Так и определился решительно: все к черту бросить, нагрузить на подводы самое необходимое, забрать семью, как-нибудь в ночь, без свидетелей уехать подальше. Но о своем намерении даже Аграфену Митревну не предупредил: получит команду — поедет. Коней стало жалко, коров и овец, а продавать их не соблазнился, лишь бы не привлекать внимание. Маловато оказалось в наличии бумажных денег. Потратил их на Барышева, не думал, что самому так приспичит. Поэтому и пошел к попу поменять часть золотых десяток царской чеканки. Поп свой человек, не растрезвонит.
Отец Николай провел Согрина в горницу, пригласил за стол, а насчет обмена сказал:
— Где уж мне, Прокопий Екимыч! Скудна и велико неприглядна становится жизнь священнослужителя. Существовать не на что! Источники церковных доходов иссякли. После обедни на блюде одни пятаки и копейки. Молодых лиц в церкви я уже не замечаю теперь, одни старцы стоят перед алтарем, сами зависимые.
Настроение у попа было подавленное, вид недостойный, как с похмелья, и одежда надета мужицкая: сапоги, шаровары, рубаха-косоворотка.

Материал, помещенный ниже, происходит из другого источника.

lemma minimal_second_moment_saturated:
  assumes S: "finite S" and carrier: "\<And>w. emb w \<in> convex hull (emb ` S) \<Longrightarrow> w \<in> S"
    and adm: "admissible S C mu"
    and min: "\<And>mu'. admissible S C mu' \<Longrightarrow> second_moment S mu \<le> second_moment S mu'"
    and dist: "distinct [v1, v2, v3, v]" and pos: "0 < mu v1" "0 < mu v2" "0 < mu v3"
    and hull: "emb v \<in> convex hull {emb v1, emb v2, emb v3}"
  shows "mu v = 1/2 \<or>
    (\<exists>L. is_line L \<and> emb v \<in> L \<and> pts_in mu L = 3/2 \<and>
       (\<forall>a\<in>{v1, v2, v3}. \<forall>b\<in>{v1, v2, v3}. a \<noteq> b \<and>
          emb v \<in> closed_segment (emb a) (emb b) \<longrightarrow>
          L \<noteq> affine hull {emb a, emb b}))"
proof (rule ccontr)
  let ?V = "{v1, v2, v3}"
  assume "\<not> ?thesis"
  then have not_full: "mu v \<noteq> 1/2"
    and sides: "\<And>L. is_line L \<Longrightarrow> emb v \<in> L \<Longrightarrow> pts_in mu L = 3/2 \<Longrightarrow>
      \<exists>a\<in>?V. \<exists>b\<in>?V. a \<noteq> b \<and> L = affine hull {emb a, emb b}"
    by blast+
  have mu: "\<And>u. mu u \<le> 1/2" "supp mu \<subseteq> S"
    using adm by (auto simp: admissible_def)
  have V: "?V \<subseteq> S" "distinct [v1, v2, v3]"
    using pos mu(2) dist by (auto simp: supp_def)
  then have "convex hull {emb v1, emb v2, emb v3} \<subseteq> convex hull (emb ` S)"
    by (intro hull_mono) auto
  then have v: "v \<in> S"
    using hull carrier by blast
  obtain lam where lamV: "barycentric_weights ?V lam v"
    using barycentric_weights_if_convex_hull[of ?V v] hull by auto
  have lam: "barycentric_weights S lam v" "lam v = 0"
    using barycentric_weights_mono[OF lamV V(1) S] lamV dist
    by (auto simp: barycentric_weights_def supp_def)
  have "(\<Sum>u\<in>{u\<in>S. emb u \<in> L}. lam u) = 1"
    if L: "is_line L" "emb v \<in> L" "(\<Sum>u\<in>{u\<in>S. emb u \<in> L}. mu u) = 3/2" for L
  proof -
    have "pts_in mu L = 3/2"
      using L(3) pts_in_eq_sum[OF S mu(2)] by simp
    then obtain a b where "a \<in> ?V" "b \<in> ?V" "a \<noteq> b" "L = affine hull {emb a, emb b}"
      using sides[OF L(1,2)] by blast
    then show ?thesis
      using sum_barycentric_weights_on_side[OF S V(1) lamV V(2)] L(2) by blast
  qed
  moreover have "0 < mu u" if "lam u \<noteq> 0" for u
    using lamV that pos by (auto simp: barycentric_weights_def supp_def)
  moreover have "mu v < 1/2"
    using mu(1)[of v] not_full by simp
  ultimately obtain e where "0 < e" "admissible S C (transfer mu e lam v)"
    using transfer_step_admissible[OF S adm lam v] by blast
  then show False
    using min second_moment_transfer_less[OF S lam v] by (meson not_le)
qed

— Что же ты, батюшко, совсем расхлябился? — спросил Согрин.
— Собираюсь слагать с себя сан, — принужденно выдохнул отец Николай. — О сем уже с владыкой, отцом Золотавиным, все обусловлено. Некуда деваться, Прокопий Екимыч! Теперь веру православную ничем не поправить. Представь себе, мужики слушают радио. А бог безгласен. Нематериален. Невидим. Бог — это пустота. Так кто же станет ближе к душе человека? Притом, бог — это бесконечные посты, призывы к воздержаниям, к скудости, к покорности перед судьбой, а глас, вопиющий из радиоящика, раздвигающий мужику мир до бесконечных пределов, каждодневно поясняет разные события и явления в государстве, услаждает слух музыкой и, конечно, более привлекателен. Избач потому и поставил радио, что это сила необоримая, неподвластная нам, как гром небесный.
— Значит, струсил, отец Николай?
— Разумное отношение к действительности — не есть трусость, Прокопий Екимыч! А у меня дочери на выданье, и о них позаботиться надобно.
На троицын день колокола звонили как-то необычно, не сладко; бухали и тявкали вразнобой, словно пономарь был изрядно выпивши. Но никого это не смутило. Слух о решении отца Николая успел обежать село, и народ повалил в церковь толпами. Не усидел дома и Согрин. Отправился туда в будничном: не молиться пошел, а укрепить себя в безысходности.
Отец Николай вышел на амвон в самом богатом сверкающем одеянии, как при великих служениях, вроде пасхи и рождества. Лицо у него было строгое, а глаза потухшие, совсем невидящие глаза.
— Граждане! — подняв правую руку, громко и чуть дрогнув в голосе, сказал он, обращаясь к плотно столпившимся по всей церкви людям. — Как священник я всегда принимал у вас исповеди и прощал грехи. Наступило время, когда я хочу исповедаться перед вами и просить всепрощения.
Громко завопили старухи, старики, вскинув бороды, застучали клюшками, кто-то бросил в Николая шапкой, а мужики и бабы каменно молчали, уставившись ему в лицо.
— Бога нет, граждане, — глухо произнес Николай, когда волнение немного утихло. — Веками религия порабощала ваши умы. Я признаюсь вам, единственный бог — жизнь и ее правда! Не хочу вас дальше обманывать. Простите меня!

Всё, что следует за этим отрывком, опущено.